Как бы то ни было, всё же он оставался мальчишкой, и поэтому при любой возможности, без всякого умысла, а лишь по природе своей, навязывал ей свою игру с танками или машинами. И девочка не сопротивлялась. Она принимала эти игры и с присущей только ей лёгкостью и простодушием свободно подражала другу. Алиса вполне могла играть и танками, усаживая на них кукол, и самолётами, предварительно наклеив на них разноцветные блестящие бумажки, и солдатиками, наряжая их платьишками из паутины разноцветных ниток. И, конечно, для светловолосого мальчишки такие воображения казались необыкновенными. Они не просто нравились ему, каждый акт представления просто будоражил его. Кукла Маша верхом на танке или робот на седле розовой лошадки смотрелись весьма забавно и ужасно затягивали в мир искривившегося (для мальчишки) воображения.
Когда все дети укладывались на дневной сон, а кровати Димчика и неугомонной вредины по воле судьбы находились рядом, то они могли долго шептаться друг с другом, рассказывая истории про родных и близких, про домашних животных и любимые игрушки.
Их дружба вполне могла носить звание образцово-показательной (на привычном языке взрослых), не испорченной человеческими предрассудками и ложью зрелой жизни. Она была невинна и ослепительно чиста, а искренность – её фундаментальная особенность (опять же на языке «великовозрастных»). Открытая прекрасная дружба между мальчиком и девочкой. Что в таком возрасте может быть лучше?

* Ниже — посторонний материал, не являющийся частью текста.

text \<open>The two ways the cluster average enters the oracle (with weight \<open>\<tau>\<^sub>j\<close> when \<open>\<xi>\<^sub>0 = 1\<close>,
  with weight \<open>1 - \<tau>\<^sub>j\<close> when \<open>\<xi>\<^sub>0 = 0, \<xi>\<^sub>j = 1\<close>) combine into exactly the constant appearing in
  \<open>calL\<close>; this is what dictates the choice of \<open>\<tau>\<^sub>j\<close>.\<close>

lemma cluster_average_weights:
  fixes p0 pj a :: real
  assumes "0 < p0" "p0 < 1" "0 < pj"
  defines "\<tau> \<equiv> p0 / (p0 + 2 * (1 - p0) * pj)"
  shows "p0 * (2 * (a * \<tau> / p0)\<^sup>2) + (1 - p0) * (pj * (a * (1 - \<tau>) / ((1 - p0) * pj))\<^sup>2)
    = 2 * a\<^sup>2 / (p0 + 2 * (1 - p0) * pj)"
proof -
  define q where "q = (1 - p0) * pj"
  define D where "D = p0 + 2 * q"
  have q: "0 < q"
    using assms unfolding q_def by simp
  have D: "0 < D"
    unfolding D_def using assms(1) q by simp
  have \<tau>: "\<tau> = p0 / D" and \<tau>': "1 - \<tau> = 2 * q / D"
    unfolding \<tau>_def D_def q_def using D[unfolded D_def q_def] by (simp_all add: field_simps)
  have "p0 * (2 * (a * \<tau> / p0)\<^sup>2) = 2 * a\<^sup>2 * p0 / D\<^sup>2"
    unfolding \<tau> using assms(1) D by (simp add: power2_eq_square field_simps)
  moreover have "(1 - p0) * (pj * (a * (1 - \<tau>) / ((1 - p0) * pj))\<^sup>2) = 2 * a\<^sup>2 * (2 * q) / D\<^sup>2"
    unfolding \<tau>' mult.assoc[symmetric] q_def[symmetric] using q D by (simp add: power2_eq_square field_simps)
  moreover have "2 * a\<^sup>2 * p0 / D\<^sup>2 + 2 * a\<^sup>2 * (2 * q) / D\<^sup>2 = 2 * a\<^sup>2 / D"
    using D unfolding add_divide_distrib[symmetric] distrib_left[symmetric] D_def[symmetric]
    by (simp add: power2_eq_square)
  ultimately show ?thesis
    unfolding D_def q_def by (simp add: mult.assoc)
qed
inductive_set gen_ideal :: "nat \<Rightarrow> mono set \<Rightarrow> 'a::semiring_1 mpoly set"
  for k :: nat and G :: "mono set" where
  zero: "0 \<in> gen_ideal k G"
| step: "g \<in> G \<Longrightarrow> q \<in> Spoly k \<Longrightarrow> p \<in> gen_ideal k G \<Longrightarrow> monom g * q + p \<in> gen_ideal k G"

text \<open>Generators of L_k (exponent vectors of the generating monomials).
  Odd indices 2a-1 / 2b-1 are the odd v, even indices 2c are the even v (v \<ge> k \<ge> 1).\<close>
definition Lgens :: "nat \<Rightarrow> nat \<Rightarrow> mono set" where
  "Lgens r k =
     {xp v 2 | v. odd v \<and> k \<le> v}
   \<union> {xp v 1 + xp (v+1) (r-1) | v. odd v \<and> k \<le> v}
   \<union> {xp v (r-n1) + xp (v+2) n1 | v n1. even v \<and> k \<le> v \<and> n1 \<le> r-1}
   \<union> {xp v (r-n2-1) + xp (v+1) 1 + xp (v+2) n2 | v n2. even v \<and> k \<le> v \<and> n2 \<le> r-2}"

definition Lgens_even :: "nat \<Rightarrow> nat \<Rightarrow> nat \<Rightarrow> mono set" where
  "Lgens_even r l k =
     {xp k l}
   \<union> {xp k (l-t) + xp (k+2) (r-l+t) | t. 1 \<le> t \<and> t \<le> l-1}
   \<union> {xp k (l-t) + xp (k+1) 1 + xp (k+2) (r-l+t-1) | t. 1 \<le> t \<and> t \<le> l-1}
   \<union> Lgens r (k+1)"

definition Lgens_l :: "nat \<Rightarrow> nat \<Rightarrow> nat \<Rightarrow> mono set" where
  "Lgens_l r l k =
     (if even k then Lgens_even r l k
      else {xp k 2, xp k 1 + xp (k+1) (l-1)} \<union> Lgens_even r l (k+1))"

С Алисой мальчик был очень ласков и нежен, и, конечно, её притягивали подобные проявления со стороны симпатичного мальчика. Для неё Димка был самым умным и самым сильным, самым-самым, принцем, только не на коне.
– Когда ты и я вырастим, ты купишь белого коня и прискачешь за мной! – во время дневного сна шептала она.

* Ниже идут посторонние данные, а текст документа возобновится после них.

(* Let $C=(c_{k,j})\in\mathbb{R}_{\max}^{p\times n}$, $\mu^+\in\mathbb{Z}_{\ge0}^p$, $\mu^-\in\mathbb{Z}_{\ge0}^n$ and $f(x)=\sum_{k=1}^p\mu^+_k\max_{j\in[n]}(c_{k,j}+x_j)-\sum_{j=1}^n\mu^-_jx_j$. Then: (1) $f(\alpha\otimes x)=f(x)+\alpha\big(\sum_{k\in[p]}\mu^+_k-\sum_{j\in[n]}\mu^-_j\big)$ for any $x\in\mathbb{R}_{\max}^n$ and $\alpha\in\mathbb{R}$; (2) $f(x)+f(y)\ge f(x\oplus y)+f(x\oplus' y)$ for any $x,y\in\mathbb{R}_{\max}^n$.
   Context: $\mathbb{R}_{\max}=\mathbb{R}\cup\{-\infty\}$; $\alpha\otimes x$ is the vector with entries $\alpha+x_j$; $x\oplus y$ and $x\oplus' y$ are the entrywise maximum and minimum of $x$ and $y$. The identities are understood for vectors on which $f$ is well defined. *)

theory Defs
  imports "HOL-Analysis.Analysis"
begin

text \<open>Max-plus semiring R_max = R \<union> {-\<infinity>} is modelled inside ereal; a vector of
  R_max^n is a function nat \<Rightarrow> ereal whose entries with index in {1..n} are not +\<infinity>,
  a matrix of R_max^(p x n) is a function nat \<Rightarrow> nat \<Rightarrow> ereal with entries (k,j),
  k \<in> {1..p}, j \<in> {1..n}, not +\<infinity>.\<close>

definition rmax_vec :: "nat \<Rightarrow> (nat \<Rightarrow> ereal) \<Rightarrow> bool" where
  "rmax_vec n x \<longleftrightarrow> (\<forall>j\<in>{1..n}. x j \<noteq> \<infinity>)"

definition rmax_mat :: "nat \<Rightarrow> nat \<Rightarrow> (nat \<Rightarrow> nat \<Rightarrow> ereal) \<Rightarrow> bool" where
  "rmax_mat p n C \<longleftrightarrow> (\<forall>k\<in>{1..p}. \<forall>j\<in>{1..n}. C k j \<noteq> \<infinity>)"

definition tmul :: "real \<Rightarrow> (nat \<Rightarrow> ereal) \<Rightarrow> (nat \<Rightarrow> ereal)" where
  "tmul \<alpha> x = (\<lambda>j. ereal \<alpha> + x j)"

definition tmax :: "(nat \<Rightarrow> ereal) \<Rightarrow> (nat \<Rightarrow> ereal) \<Rightarrow> (nat \<Rightarrow> ereal)" where
  "tmax x y = (\<lambda>j. max (x j) (y j))"

definition tmin :: "(nat \<Rightarrow> ereal) \<Rightarrow> (nat \<Rightarrow> ereal) \<Rightarrow> (nat \<Rightarrow> ereal)" where
  "tmin x y = (\<lambda>j. min (x j) (y j))"

text \<open>Positive part: sum_k mu+_k max_j (c_kj + x_j)  (max over the empty set is -\<infinity>).\<close>
definition fpos :: "nat \<Rightarrow> nat \<Rightarrow> (nat \<Rightarrow> nat \<Rightarrow> ereal) \<Rightarrow> (nat \<Rightarrow> nat) \<Rightarrow> (nat \<Rightarrow> ereal) \<Rightarrow> ereal" where
  "fpos p n C mup x = (\<Sum>k\<in>{1..p}. ereal (real (mup k)) * (SUP j\<in>{1..n}. C k j + x j))"

definition fneg :: "nat \<Rightarrow> (nat \<Rightarrow> nat) \<Rightarrow> (nat \<Rightarrow> ereal) \<Rightarrow> ereal" where
  "fneg n mum x = (\<Sum>j\<in>{1..n}. ereal (real (mum j)) * x j)"

text \<open>f is well defined at x iff no expression of the form -\<infinity> + \<infinity> occurs, i.e. not both
  the positive part is -\<infinity> and the negative part (which is subtracted) is -\<infinity>.\<close>
definition f_wd :: "nat \<Rightarrow> nat \<Rightarrow> (nat \<Rightarrow> nat \<Rightarrow> ereal) \<Rightarrow> (nat \<Rightarrow> nat) \<Rightarrow> (nat \<Rightarrow> nat) \<Rightarrow> (nat \<Rightarrow> ereal) \<Rightarrow> bool" where
  "f_wd p n C mup mum x \<longleftrightarrow> \<not> (fpos p n C mup x = -\<infinity> \<and> fneg n mum x = -\<infinity>)"

definition fval :: "nat \<Rightarrow> nat \<Rightarrow> (nat \<Rightarrow> nat \<Rightarrow> ereal) \<Rightarrow> (nat \<Rightarrow> nat) \<Rightarrow> (nat \<Rightarrow> nat) \<Rightarrow> (nat \<Rightarrow> ereal) \<Rightarrow> ereal" where
  "fval p n C mup mum x = fpos p n C mup x - fneg n mum x"

end

theory Submission
  imports Defs
begin

text \<open>Both statements are checked row by row. The max-plus product
  \<open>(C \<otimes> x)\<^sub>k = max\<^sub>j (c\<^sub>k\<^sub>j + x\<^sub>j)\<close> is monotone in \<open>x\<close>, satisfies
  \<open>C \<otimes> (\<alpha> \<otimes> x) = \<alpha> \<otimes> (C \<otimes> x)\<close> and \<open>C \<otimes> (x \<oplus> y) = (C \<otimes> x) \<oplus> (C \<otimes> y)\<close>.
  With \<open>a = (C \<otimes> x)\<^sub>k\<close> and \<open>b = (C \<otimes> y)\<^sub>k\<close> this gives
  \<open>(C \<otimes> (x \<oplus> y))\<^sub>k + (C \<otimes> (x \<oplus>' y))\<^sub>k \<le> max a b + min a b = a + b\<close>,
  while the linear part is modular because \<open>max s t + min s t = s + t\<close>.
  Weighting with the nonnegative multiplicities and summing gives both claims; in \<open>ereal\<close>
  arithmetic they survive the final subtraction as long as the linear parts are not \<open>\<infinity>\<close>.\<close>

lemma max_add_min: "max a b + min a b = a + (b :: 'a :: {linorder, ab_semigroup_add})"
  by (cases "a \<le> b") (simp_all add: add.commute)

lemma ereal_add_diff_add: "(a + ereal r) - (b + ereal s) = (a - b) + ereal (r - s)"
  by (cases a; cases b) auto

lemma ereal_diff_add_diff: "(a - ereal r) + (b - ereal s) = (a + b) - ereal (r + s)"
  by (cases a; cases b) auto

lemma ereal_diff_add_diff_le:
  fixes a b c d a' b' c' d' :: ereal
  assumes "c \<noteq> \<infinity>" "d \<noteq> \<infinity>" and "a' + b' \<le> a + b" and "c' + d' = c + d"
  shows "(a' - c') + (b' - d') \<le> (a - c) + (b - d)"
proof (cases "c = -\<infinity> \<or> d = -\<infinity>")
  case True
  then have "(a - c) + (b - d) = \<infinity>"
    by (auto simp: minus_ereal_def)
  then show ?thesis by (simp only: top_ereal_def[symmetric] top_greatest)
next
  case False
  then obtain r s where rs: "c = ereal r" "d = ereal s"
    using assms(1,2) by (cases c; cases d) auto
  obtain r' s' where rs': "c' = ereal r'" "d' = ereal s'" "r' + s' = r + s"
    using assms(4) rs by (cases c'; cases d') auto
  have "(a' - c') + (b' - d') = (a' + b') - ereal (r + s)"
    using rs' by (simp only: ereal_diff_add_diff)
  also have "\<dots> \<le> (a + b) - ereal (r + s)"
    using assms(3) by (rule ereal_minus_mono) simp
  also have "\<dots> = (a - c) + (b - d)"
    using rs by (simp only: ereal_diff_add_diff)
  finally show ?thesis .
qed

lemma sum_weighted_add_ereal:
  assumes "\<And>k. k \<in> A \<Longrightarrow> 0 \<le> w k"
  shows "(\<Sum>k\<in>A. ereal (w k) * f k) + (\<Sum>k\<in>A. ereal (w k) * g k) = (\<Sum>k\<in>A. ereal (w k) * (f k + g k))"
  unfolding sum.distrib[symmetric] by (rule sum.cong) (simp_all add: ereal_pos_distrib assms)

lemma sum_weighted_shift_ereal:
  assumes "\<And>k. k \<in> A \<Longrightarrow> 0 \<le> w k"
  shows "(\<Sum>k\<in>A. ereal (w k) * (ereal \<alpha> + f k)) = (\<Sum>k\<in>A. ereal (w k) * f k) + ereal (\<alpha> * (\<Sum>k\<in>A. w k))"
proof -
  have "(\<Sum>k\<in>A. ereal (w k) * (ereal \<alpha> + f k)) = (\<Sum>k\<in>A. ereal (w k) * f k) + (\<Sum>k\<in>A. ereal (w k) * ereal \<alpha>)"
    using sum_weighted_add_ereal[of A w f "\<lambda>_. ereal \<alpha>", OF assms] by (simp add: add.commute)
  also have "(\<Sum>k\<in>A. ereal (w k) * ereal \<alpha>) = ereal (\<alpha> * (\<Sum>k\<in>A. w k))"
    by (simp add: sum_distrib_left mult.commute)
  finally show ?thesis .
qed

definition maxplus_mult_vec :: "nat \<Rightarrow> (nat \<Rightarrow> nat \<Rightarrow> ereal) \<Rightarrow> (nat \<Rightarrow> ereal) \<Rightarrow> nat \<Rightarrow> ereal" where
  "maxplus_mult_vec n C x k = (SUP j\<in>{1..n}. C k j + x j)"

lemma fpos_eq_sum_maxplus_mult_vec:
  "fpos p n C mup x = (\<Sum>k\<in>{1..p}. ereal (real (mup k)) * maxplus_mult_vec n C x k)"
  by (simp add: fpos_def maxplus_mult_vec_def)

lemma maxplus_mult_vec_mono: "x \<le> y \<Longrightarrow> maxplus_mult_vec n C x k \<le> maxplus_mult_vec n C y k"
  unfolding maxplus_mult_vec_def le_fun_def by (intro SUP_mono' add_left_mono) auto

lemma maxplus_mult_vec_tmul: "maxplus_mult_vec n C (tmul \<alpha> x) k = ereal \<alpha> + maxplus_mult_vec n C x k"
proof (cases "n = 0")
  case True
  then show ?thesis by (simp add: maxplus_mult_vec_def bot_ereal_def)
next
  case False
  have "maxplus_mult_vec n C (tmul \<alpha> x) k = (SUP j\<in>{1..n}. ereal \<alpha> + (C k j + x j))"
    unfolding maxplus_mult_vec_def tmul_def by (simp add: ac_simps)
  also have "\<dots> = ereal \<alpha> + maxplus_mult_vec n C x k"
    unfolding maxplus_mult_vec_def by (rule SUP_ereal_add_right) (use False in auto)
  finally show ?thesis .
qed

lemma maxplus_mult_vec_tmax:
  "maxplus_mult_vec n C (tmax x y) k = max (maxplus_mult_vec n C x k) (maxplus_mult_vec n C y k)"
proof -
  have "C k j + max (x j) (y j) = max (C k j + x j) (C k j + y j)" for j
    by (rule max_of_mono[symmetric]) (simp add: mono_def add_left_mono)
  then show ?thesis
    using Complete_Lattices.SUP_sup_distrib[where A="{1..n}" and f="\<lambda>j. C k j + x j" and g="\<lambda>j. C k j + y j"]
    unfolding maxplus_mult_vec_def tmax_def sup_max by simp
qed

lemma maxplus_mult_vec_tmax_tmin_le:
  "maxplus_mult_vec n C (tmax x y) k + maxplus_mult_vec n C (tmin x y) k
     \<le> maxplus_mult_vec n C x k + maxplus_mult_vec n C y k"
proof -
  have "tmin x y \<le> x" "tmin x y \<le> y" by (simp_all add: tmin_def le_fun_def)
  then have "maxplus_mult_vec n C (tmin x y) k \<le> min (maxplus_mult_vec n C x k) (maxplus_mult_vec n C y k)"
    by (simp add: maxplus_mult_vec_mono)
  then have "maxplus_mult_vec n C (tmax x y) k + maxplus_mult_vec n C (tmin x y) k
      \<le> max (maxplus_mult_vec n C x k) (maxplus_mult_vec n C y k)
        + min (maxplus_mult_vec n C x k) (maxplus_mult_vec n C y k)"
    unfolding maxplus_mult_vec_tmax by (rule add_left_mono)
  then show ?thesis by (simp only: max_add_min)
qed

lemma fpos_tmul: "fpos p n C mup (tmul \<alpha> x) = fpos p n C mup x + ereal (\<alpha> * (\<Sum>k\<in>{1..p}. real (mup k)))"
  unfolding fpos_eq_sum_maxplus_mult_vec maxplus_mult_vec_tmul by (rule sum_weighted_shift_ereal) simp

lemma fneg_tmul: "fneg n mum (tmul \<alpha> x) = fneg n mum x + ereal (\<alpha> * (\<Sum>j\<in>{1..n}. real (mum j)))"
  unfolding fneg_def tmul_def by (rule sum_weighted_shift_ereal) simp

lemma fpos_tmax_tmin_le:
  "fpos p n C mup (tmax x y) + fpos p n C mup (tmin x y) \<le> fpos p n C mup x + fpos p n C mup y"
  unfolding fpos_eq_sum_maxplus_mult_vec sum_weighted_add_ereal[OF of_nat_0_le_iff]
  by (intro sum_mono ereal_mult_left_mono maxplus_mult_vec_tmax_tmin_le) simp

lemma fneg_tmax_tmin: "fneg n mum (tmax x y) + fneg n mum (tmin x y) = fneg n mum x + fneg n mum y"
  unfolding fneg_def sum_weighted_add_ereal[OF of_nat_0_le_iff] tmax_def tmin_def
  by (simp add: max_add_min)

lemma fneg_neq_PInf: "rmax_vec n x \<Longrightarrow> fneg n mum x \<noteq> \<infinity>"
  unfolding fneg_def rmax_vec_def sum_Pinfty by auto

theorem proposition3p1:
  fixes p n :: nat and C :: "nat \<Rightarrow> nat \<Rightarrow> ereal" and mup mum :: "nat \<Rightarrow> nat"
  assumes "rmax_mat p n C"
  shows "(\<forall>x (\<alpha>::real). rmax_vec n x \<longrightarrow> f_wd p n C mup mum x \<longrightarrow> f_wd p n C mup mum (tmul \<alpha> x) \<longrightarrow>
            fval p n C mup mum (tmul \<alpha> x) = fval p n C mup mum x
              + ereal (\<alpha> * ((\<Sum>k\<in>{1..p}. real (mup k)) - (\<Sum>j\<in>{1..n}. real (mum j)))))
        \<and> (\<forall>x y. rmax_vec n x \<longrightarrow> rmax_vec n y \<longrightarrow> f_wd p n C mup mum x \<longrightarrow> f_wd p n C mup mum y
            \<longrightarrow> f_wd p n C mup mum (tmax x y) \<longrightarrow> f_wd p n C mup mum (tmin x y) \<longrightarrow>
            fval p n C mup mum x + fval p n C mup mum y
              \<ge> fval p n C mup mum (tmax x y) + fval p n C mup mum (tmin x y))"
proof (intro conjI allI impI)
  fix x and \<alpha> :: real
  show "fval p n C mup mum (tmul \<alpha> x) = fval p n C mup mum x
          + ereal (\<alpha> * ((\<Sum>k\<in>{1..p}. real (mup k)) - (\<Sum>j\<in>{1..n}. real (mum j))))"
    unfolding fval_def fpos_tmul fneg_tmul ereal_add_diff_add by (simp add: right_diff_distrib)
next
  fix x y
  assume "rmax_vec n x" "rmax_vec n y"
  then show "fval p n C mup mum x + fval p n C mup mum y
               \<ge> fval p n C mup mum (tmax x y) + fval p n C mup mum (tmin x y)"
    unfolding fval_def
    by (intro ereal_diff_add_diff_le fneg_neq_PInf fpos_tmax_tmin_le fneg_tmax_tmin)
qed

end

– Почему белый конь? – Недоумевал он, и после короткой паузы заявлял, – я хочу чёрного. На чёрном я приеду!
– Потому что все принцы приезжают на белых конях! Ты что ли не знал?

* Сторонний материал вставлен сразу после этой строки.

lemma (in comm_group) inertial_if_finite_index_inertial:
  assumes hom: "\<phi> \<in> hom G G" and A: "subgroup A G" "finite (rcosets A)"
    and inert: "inertial (G\<lparr>carrier := A\<rparr>) \<phi>"
  shows "inertial G \<phi>"
  unfolding inertial_def
proof (intro allI impI)
  fix K assume K: "subgroup K G"
  define K0 where "K0 = K \<inter> A"
  have K0: "subgroup K0 G" unfolding K0_def using subgroups_Inter_pair K A(1) by blast
  have K0A: "subgroup K0 (G\<lparr>carrier := A\<rparr>)" using subgroup_incl[OF K0 A(1)] K0_def by blast
  have phi_carrier: "\<phi> ` S \<subseteq> carrier G" if "S \<subseteq> carrier G" for S
    using that hom by (auto simp: hom_def Pi_def)
  have K0c: "K0 \<subseteq> carrier G" by (rule subgroup.subset[OF K0])
  obtain T0 where T0: "finite T0" "T0 \<subseteq> K" "K \<subseteq> K0 <#> T0"
    using finite_index_Int_cover[OF A(1) A(2) K] unfolding K0_def by blast
  have T0c: "T0 \<subseteq> carrier G" using T0(2) subgroup.subset[OF K] by blast
  have "finite ((\<lambda>y. K0 #> y) ` (\<phi> ` K0 <#> K0))"
    using inert K0A unfolding inertial_def by simp
  then obtain T1 where T1: "finite T1" "T1 \<subseteq> \<phi> ` K0 <#> K0" "\<phi> ` K0 <#> K0 \<subseteq> K0 <#> T1"
    using finite_rcosets_image_imp_cover[OF K0 set_mult_closed[OF phi_carrier K0c]] K0c by metis
  have T1c: "T1 \<subseteq> carrier G" using T1(2) set_mult_closed[OF phi_carrier K0c] K0c by blast
  have phiT0c: "\<phi> ` T0 <#> T0 \<subseteq> carrier G" using phi_carrier[OF T0c] T0c by (rule set_mult_closed)
  have "\<phi> ` K <#> K \<subseteq> \<phi> ` (K0 <#> T0) <#> (K0 <#> T0)"
    using T0(3) by (intro mono_set_mult image_mono)
  also have "\<dots> = (\<phi> ` K0 <#> \<phi> ` T0) <#> (K0 <#> T0)"
    by (simp only: set_mult_hom[OF hom K0c T0c])
  also have "\<dots> = (\<phi> ` K0 <#> K0) <#> (\<phi> ` T0 <#> T0)"
    by (rule set_mult_interchange[OF phi_carrier[OF K0c] phi_carrier[OF T0c] K0c T0c])
  also have "\<dots> \<subseteq> (K0 <#> T1) <#> (\<phi> ` T0 <#> T0)"
    using T1(3) by (rule mono_set_mult) simp
  also have "\<dots> = K0 <#> (T1 <#> (\<phi> ` T0 <#> T0))"
    by (rule set_mult_assoc[OF K0c T1c phiT0c])
  also have "\<dots> \<subseteq> K <#> (T1 <#> (\<phi> ` T0 <#> T0))"
    unfolding K0_def by (intro mono_set_mult) auto
  finally have cover: "\<phi> ` K <#> K \<subseteq> K <#> (T1 <#> (\<phi> ` T0 <#> T0))" .
  have "finite (T1 <#> (\<phi> ` T0 <#> T0))" using T0(1) T1(1) by (simp add: finite_set_mult)
  from finite_rcosets_image_if_cover[OF K this set_mult_closed[OF T1c phiT0c] cover]
  show "finite ((\<lambda>y. K #> y) ` (\<phi> ` K <#> K))" .
qed

lemma (in comm_group) left_inertial_if_finite_index_left_inertial:
  assumes hom: "\<phi> \<in> hom G G" and A: "subgroup A G" "finite (rcosets A)"
    and inert: "left_inertial (G\<lparr>carrier := A\<rparr>) \<phi>"
  shows "left_inertial G \<phi>"
  unfolding left_inertial_def
proof (intro allI impI)
  fix K assume K: "subgroup K G"
  interpret \<phi>: group_hom G G \<phi> using hom by (rule endo_group_hom)
  define K0 where "K0 = K \<inter> A"
  have K0: "subgroup K0 G" unfolding K0_def using subgroups_Inter_pair K A(1) by blast
  have K0A: "subgroup K0 (G\<lparr>carrier := A\<rparr>)" using subgroup_incl[OF K0 A(1)] K0_def by blast
  have K0c: "K0 \<subseteq> carrier G" by (rule subgroup.subset[OF K0])
  have KK0: "subgroup (K0 \<inter> \<phi> ` K0) G" by (rule subgroups_Inter_pair[OF K0 \<phi>.subgroup_img_is_subgroup[OF K0]])
  have KK: "subgroup (K \<inter> \<phi> ` K) G" by (rule subgroups_Inter_pair[OF K \<phi>.subgroup_img_is_subgroup[OF K]])
  obtain T0 where T0: "finite T0" "T0 \<subseteq> K" "K \<subseteq> K0 <#> T0"
    using finite_index_Int_cover[OF A(1) A(2) K] unfolding K0_def by blast
  have T0c: "T0 \<subseteq> carrier G" using T0(2) subgroup.subset[OF K] by blast
  have "finite ((\<lambda>y. (K0 \<inter> \<phi> ` K0) #> y) ` K0)"
    using inert K0A unfolding left_inertial_def by simp
  then obtain T1 where T1: "finite T1" "T1 \<subseteq> K0" "K0 \<subseteq> (K0 \<inter> \<phi> ` K0) <#> T1"
    by (rule finite_rcosets_image_imp_cover[OF KK0 K0c])
  have T1c: "T1 \<subseteq> carrier G" using T1(2) K0c by blast
  have "K \<subseteq> ((K0 \<inter> \<phi> ` K0) <#> T1) <#> T0"
    using T0(3) mono_set_mult[OF T1(3) subset_refl] by (rule order_trans)
  also have "\<dots> = (K0 \<inter> \<phi> ` K0) <#> (T1 <#> T0)"
    using K0c by (intro set_mult_assoc T1c T0c) blast
  also have "\<dots> \<subseteq> (K \<inter> \<phi> ` K) <#> (T1 <#> T0)"
    unfolding K0_def by (intro mono_set_mult) auto
  finally have cover: "K \<subseteq> (K \<inter> \<phi> ` K) <#> (T1 <#> T0)" .
  have "finite (T1 <#> T0)" using T0(1) T1(1) by (simp add: finite_set_mult)
  from finite_rcosets_image_if_cover[OF KK this set_mult_closed[OF T1c T0c] cover]
  show "finite ((\<lambda>y. (K \<inter> \<phi> ` K) #> y) ` K)" .
qed

lemma (in comm_group) inertial_if_inertial_mod_finite:
  assumes hom: "\<phi> \<in> hom G G" and F: "subgroup F G" "finite F" "\<phi> ` F \<subseteq> F"
    and inert: "inertial (G Mod F) (induced_quot G F \<phi>)"
  shows "inertial G \<phi>"
  unfolding inertial_def
proof (intro allI impI)
  fix K assume K: "subgroup K G"
  interpret \<pi>: group_hom G "G Mod F" "\<lambda>a. F #> a" using F(1) by (rule rcoset_group_hom)
  interpret \<phi>: group_hom G G \<phi> using hom by (rule endo_group_hom)
  have Kc: "K \<subseteq> carrier G" by (rule subgroup.subset[OF K])
  have \<phi>Kc: "\<phi> ` K \<subseteq> carrier G" using Kc by auto
  have Fc: "F \<subseteq> carrier G" by (rule subgroup.subset[OF F(1)])
  note ind = induced_quot_image_rcosets[OF hom F(1,3) Kc]
  have \<pi>K: "subgroup ((\<lambda>a. F #> a) ` K) (G Mod F)" by (rule \<pi>.subgroup_img_is_subgroup[OF K])
  have fin: "finite ((\<lambda>Y. (\<lambda>a. F #> a) ` K #>\<^bsub>G Mod F\<^esub> Y) `
      ((\<lambda>a. F #> a) ` \<phi> ` K <#>\<^bsub>G Mod F\<^esub> (\<lambda>a. F #> a) ` K))"
    using inert[unfolded inertial_def, rule_format, OF \<pi>K] by (simp only: ind)
  have "(\<lambda>a. F #> a) ` (\<phi> ` K <#> K) = (\<lambda>a. F #> a) ` \<phi> ` K <#>\<^bsub>G Mod F\<^esub> (\<lambda>a. F #> a) ` K"
    by (rule set_mult_hom[OF \<pi>.homh \<phi>Kc Kc])
  then obtain T where T: "finite T" "T \<subseteq> carrier G"
    "\<phi> ` K <#> K \<subseteq> {x \<in> carrier G. F #> x \<in> (\<lambda>a. F #> a) ` K} <#> T"
    using \<pi>.finite_rcosets_image_lift_cover[OF \<pi>K set_mult_closed[OF \<phi>Kc Kc] _ fin] by auto
  note this(3)
  also have "{x \<in> carrier G. F #> x \<in> (\<lambda>a. F #> a) ` K} <#> T \<subseteq> (F <#> K) <#> T"
    using rcoset_preimage_subset[OF F(1)] by (rule mono_set_mult) simp
  also have "\<dots> = K <#> (F <#> T)"
    using set_mult_comm[OF Fc Kc] set_mult_assoc[OF Kc Fc T(2)] by simp
  finally have cover: "\<phi> ` K <#> K \<subseteq> K <#> (F <#> T)" .
  have "finite (F <#> T)" using F(2) T(1) by (simp add: finite_set_mult)
  from finite_rcosets_image_if_cover[OF K this set_mult_closed[OF Fc T(2)] cover]
  show "finite ((\<lambda>y. K #> y) ` (\<phi> ` K <#> K))" .
qed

– Откуда мне знать? – возмущался Дима, и, выбрасывая порцию мальчишеской рациональности, с улыбкой изрекал – да и зачем надо на коне? Я не умею ездить на коне? Я машину себе куплю. Так будет лучше и быстрее!
– О-ох! Ничего не понимаешь, ты! – не выдерживала Алиса. – Так должно быть, понимаешь? Когда люди вырастают, то мальчики приезжают к девочкам на белых конях, мне мама рассказывала.
– Я не знал, – искренне удивлялся мальчишка, на секунду задумавшись об истинности услышанного правила взрослых и ни сколько не усомнившись в последующем мысленном согласии с ним.
– Мой папа к маме так приехал, мне мама рассказывала. – Конечно, этого наверняка она знать не могла, но ей уж очень хотелось так думать, и она с лёгкостью верила, не пренебрегая возможностью в любой удобный для этого момент выдать искреннее убеждение за правду.
– Ну, ладно. – Соглашался Димка, – только я лучше на белом пони прискачу – он не такой большой. Я не смогу залезть на большого коня.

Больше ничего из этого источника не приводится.